**WORK TASK**: In the material below, find every line containing the string "segment" and return it.

**DATASET RECORDS**:
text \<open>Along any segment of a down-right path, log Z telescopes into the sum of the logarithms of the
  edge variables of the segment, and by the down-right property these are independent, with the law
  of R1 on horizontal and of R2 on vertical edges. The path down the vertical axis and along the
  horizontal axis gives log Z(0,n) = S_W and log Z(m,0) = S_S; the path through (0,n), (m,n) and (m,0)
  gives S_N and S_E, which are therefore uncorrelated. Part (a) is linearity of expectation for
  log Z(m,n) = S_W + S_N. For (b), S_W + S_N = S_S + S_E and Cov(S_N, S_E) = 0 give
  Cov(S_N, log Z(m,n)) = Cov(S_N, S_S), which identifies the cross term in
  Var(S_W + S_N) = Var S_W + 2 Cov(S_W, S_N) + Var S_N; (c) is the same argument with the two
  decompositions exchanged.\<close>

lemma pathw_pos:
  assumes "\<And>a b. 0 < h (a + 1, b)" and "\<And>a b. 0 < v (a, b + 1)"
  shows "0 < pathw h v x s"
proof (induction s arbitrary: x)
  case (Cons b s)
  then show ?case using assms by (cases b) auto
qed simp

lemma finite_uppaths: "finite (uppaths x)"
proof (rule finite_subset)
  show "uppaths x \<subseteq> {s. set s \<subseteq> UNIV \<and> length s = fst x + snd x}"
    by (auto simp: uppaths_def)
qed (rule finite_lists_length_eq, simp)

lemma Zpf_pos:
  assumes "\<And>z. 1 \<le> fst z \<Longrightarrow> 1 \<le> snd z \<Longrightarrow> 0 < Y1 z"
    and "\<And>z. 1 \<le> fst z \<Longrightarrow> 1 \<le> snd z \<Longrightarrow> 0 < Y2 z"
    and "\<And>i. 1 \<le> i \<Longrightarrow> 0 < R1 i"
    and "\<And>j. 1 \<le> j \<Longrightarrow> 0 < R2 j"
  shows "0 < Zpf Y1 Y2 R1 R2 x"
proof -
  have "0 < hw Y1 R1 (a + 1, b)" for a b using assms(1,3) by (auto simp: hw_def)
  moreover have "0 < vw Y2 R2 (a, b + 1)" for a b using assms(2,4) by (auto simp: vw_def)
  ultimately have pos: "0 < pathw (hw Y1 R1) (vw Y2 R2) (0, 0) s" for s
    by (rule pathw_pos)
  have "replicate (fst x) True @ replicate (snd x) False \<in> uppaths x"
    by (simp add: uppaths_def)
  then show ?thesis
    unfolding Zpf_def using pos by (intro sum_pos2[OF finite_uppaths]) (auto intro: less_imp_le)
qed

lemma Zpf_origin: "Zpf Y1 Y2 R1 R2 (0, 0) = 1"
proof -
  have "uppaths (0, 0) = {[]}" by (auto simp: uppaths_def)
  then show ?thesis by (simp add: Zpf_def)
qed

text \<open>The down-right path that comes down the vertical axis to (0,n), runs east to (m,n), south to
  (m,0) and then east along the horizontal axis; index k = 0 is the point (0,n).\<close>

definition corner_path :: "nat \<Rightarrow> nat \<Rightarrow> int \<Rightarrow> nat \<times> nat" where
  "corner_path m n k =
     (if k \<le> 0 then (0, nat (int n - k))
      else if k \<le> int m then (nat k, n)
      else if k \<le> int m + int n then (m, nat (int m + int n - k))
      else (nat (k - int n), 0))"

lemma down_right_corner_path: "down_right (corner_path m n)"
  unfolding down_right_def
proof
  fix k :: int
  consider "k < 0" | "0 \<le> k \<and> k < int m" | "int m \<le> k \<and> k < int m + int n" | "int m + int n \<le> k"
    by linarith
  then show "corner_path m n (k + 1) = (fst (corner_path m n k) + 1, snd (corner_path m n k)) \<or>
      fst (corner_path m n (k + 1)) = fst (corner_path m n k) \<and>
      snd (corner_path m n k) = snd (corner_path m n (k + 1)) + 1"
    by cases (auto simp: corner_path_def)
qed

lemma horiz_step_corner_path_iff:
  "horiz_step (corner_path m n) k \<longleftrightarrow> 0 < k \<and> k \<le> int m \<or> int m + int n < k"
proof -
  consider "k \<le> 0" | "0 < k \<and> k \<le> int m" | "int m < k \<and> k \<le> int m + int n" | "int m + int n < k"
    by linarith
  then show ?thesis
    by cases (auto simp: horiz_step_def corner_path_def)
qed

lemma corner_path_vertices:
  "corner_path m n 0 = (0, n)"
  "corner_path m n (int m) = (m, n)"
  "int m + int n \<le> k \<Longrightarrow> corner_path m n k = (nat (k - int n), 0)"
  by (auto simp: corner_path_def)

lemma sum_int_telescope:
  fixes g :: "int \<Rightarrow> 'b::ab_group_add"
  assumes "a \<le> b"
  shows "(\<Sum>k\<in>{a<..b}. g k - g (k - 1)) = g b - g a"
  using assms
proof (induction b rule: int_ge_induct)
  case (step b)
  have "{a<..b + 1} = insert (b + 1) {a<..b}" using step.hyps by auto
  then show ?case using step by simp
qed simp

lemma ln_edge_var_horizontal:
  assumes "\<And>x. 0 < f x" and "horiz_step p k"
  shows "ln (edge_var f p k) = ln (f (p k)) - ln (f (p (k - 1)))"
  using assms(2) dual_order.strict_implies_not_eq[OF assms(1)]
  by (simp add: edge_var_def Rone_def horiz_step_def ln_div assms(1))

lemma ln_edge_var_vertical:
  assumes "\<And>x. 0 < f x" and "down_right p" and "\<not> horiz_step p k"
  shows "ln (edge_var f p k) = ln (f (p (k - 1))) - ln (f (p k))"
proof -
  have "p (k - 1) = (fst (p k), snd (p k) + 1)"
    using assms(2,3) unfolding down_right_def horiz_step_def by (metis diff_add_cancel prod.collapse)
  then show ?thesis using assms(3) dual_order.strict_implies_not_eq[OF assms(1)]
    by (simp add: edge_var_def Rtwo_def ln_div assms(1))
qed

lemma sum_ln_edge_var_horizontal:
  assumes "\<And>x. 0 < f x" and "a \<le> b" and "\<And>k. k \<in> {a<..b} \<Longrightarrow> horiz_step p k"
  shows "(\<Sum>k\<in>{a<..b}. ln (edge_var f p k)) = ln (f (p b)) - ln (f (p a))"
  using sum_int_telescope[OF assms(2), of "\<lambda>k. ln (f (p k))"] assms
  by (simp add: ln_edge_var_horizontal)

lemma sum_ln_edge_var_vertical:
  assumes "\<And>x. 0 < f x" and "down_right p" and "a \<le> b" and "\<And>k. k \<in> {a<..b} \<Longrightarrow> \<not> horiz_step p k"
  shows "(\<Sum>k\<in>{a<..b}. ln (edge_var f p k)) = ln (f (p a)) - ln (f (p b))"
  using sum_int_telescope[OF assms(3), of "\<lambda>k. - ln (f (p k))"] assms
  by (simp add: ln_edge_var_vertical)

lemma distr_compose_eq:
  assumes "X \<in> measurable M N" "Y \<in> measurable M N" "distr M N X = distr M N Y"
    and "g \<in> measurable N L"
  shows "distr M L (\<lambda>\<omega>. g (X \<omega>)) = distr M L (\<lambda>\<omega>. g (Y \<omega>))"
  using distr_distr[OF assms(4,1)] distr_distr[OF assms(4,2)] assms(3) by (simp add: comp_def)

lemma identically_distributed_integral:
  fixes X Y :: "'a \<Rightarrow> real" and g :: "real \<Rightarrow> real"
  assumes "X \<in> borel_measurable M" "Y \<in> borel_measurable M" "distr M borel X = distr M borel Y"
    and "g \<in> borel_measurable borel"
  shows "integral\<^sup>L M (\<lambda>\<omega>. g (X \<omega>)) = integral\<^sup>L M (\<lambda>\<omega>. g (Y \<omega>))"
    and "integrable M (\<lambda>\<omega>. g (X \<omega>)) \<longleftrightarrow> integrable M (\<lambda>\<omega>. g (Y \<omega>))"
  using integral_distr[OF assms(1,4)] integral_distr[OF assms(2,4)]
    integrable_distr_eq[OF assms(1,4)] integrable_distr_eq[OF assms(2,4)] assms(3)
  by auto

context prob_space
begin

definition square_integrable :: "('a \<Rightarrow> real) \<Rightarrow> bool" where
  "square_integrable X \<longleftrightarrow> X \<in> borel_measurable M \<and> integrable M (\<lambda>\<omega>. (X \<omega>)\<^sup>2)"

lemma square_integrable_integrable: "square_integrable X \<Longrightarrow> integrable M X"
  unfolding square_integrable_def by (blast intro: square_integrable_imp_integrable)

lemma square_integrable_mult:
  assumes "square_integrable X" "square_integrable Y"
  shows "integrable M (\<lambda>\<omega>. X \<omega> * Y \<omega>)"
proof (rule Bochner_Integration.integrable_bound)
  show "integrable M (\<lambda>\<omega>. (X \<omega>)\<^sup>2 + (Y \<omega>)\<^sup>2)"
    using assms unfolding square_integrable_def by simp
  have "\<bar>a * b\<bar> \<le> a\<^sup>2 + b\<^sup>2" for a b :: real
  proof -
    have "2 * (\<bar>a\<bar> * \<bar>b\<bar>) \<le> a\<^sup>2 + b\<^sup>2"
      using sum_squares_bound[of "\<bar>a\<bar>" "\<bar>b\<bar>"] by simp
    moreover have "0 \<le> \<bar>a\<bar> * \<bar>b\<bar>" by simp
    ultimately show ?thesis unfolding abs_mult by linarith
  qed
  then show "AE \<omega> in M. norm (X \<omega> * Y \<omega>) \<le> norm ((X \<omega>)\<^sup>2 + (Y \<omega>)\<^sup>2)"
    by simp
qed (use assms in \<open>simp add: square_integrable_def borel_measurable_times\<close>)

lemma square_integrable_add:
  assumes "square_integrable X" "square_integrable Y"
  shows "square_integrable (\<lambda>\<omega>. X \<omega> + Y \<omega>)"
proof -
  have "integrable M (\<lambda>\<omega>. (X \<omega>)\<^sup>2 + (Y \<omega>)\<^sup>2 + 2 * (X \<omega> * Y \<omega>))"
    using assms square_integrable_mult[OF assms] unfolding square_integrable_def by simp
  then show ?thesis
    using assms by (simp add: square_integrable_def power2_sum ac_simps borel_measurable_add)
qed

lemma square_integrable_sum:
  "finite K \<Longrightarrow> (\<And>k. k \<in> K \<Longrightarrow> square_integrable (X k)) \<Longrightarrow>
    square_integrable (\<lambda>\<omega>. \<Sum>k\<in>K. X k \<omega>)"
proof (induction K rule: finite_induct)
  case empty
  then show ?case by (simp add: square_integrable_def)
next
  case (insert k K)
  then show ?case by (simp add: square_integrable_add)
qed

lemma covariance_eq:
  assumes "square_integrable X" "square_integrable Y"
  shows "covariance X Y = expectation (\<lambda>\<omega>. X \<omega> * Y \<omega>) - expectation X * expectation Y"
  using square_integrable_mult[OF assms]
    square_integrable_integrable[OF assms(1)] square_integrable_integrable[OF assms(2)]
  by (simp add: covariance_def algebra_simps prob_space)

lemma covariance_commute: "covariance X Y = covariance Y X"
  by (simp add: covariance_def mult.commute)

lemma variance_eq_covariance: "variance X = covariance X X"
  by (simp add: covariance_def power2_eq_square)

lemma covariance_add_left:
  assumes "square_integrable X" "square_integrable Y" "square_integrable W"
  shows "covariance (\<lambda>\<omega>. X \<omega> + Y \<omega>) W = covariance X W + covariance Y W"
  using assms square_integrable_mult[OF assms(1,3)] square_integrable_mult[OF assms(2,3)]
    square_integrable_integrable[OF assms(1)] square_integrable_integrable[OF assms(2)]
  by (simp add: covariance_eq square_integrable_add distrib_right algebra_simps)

**RESPONSE BOX**:
text \<open>Along any segment of a down-right path, log Z telescopes into the sum of the logarithms of the
  edge variables of the segment, and by the down-right property these are independent, with the law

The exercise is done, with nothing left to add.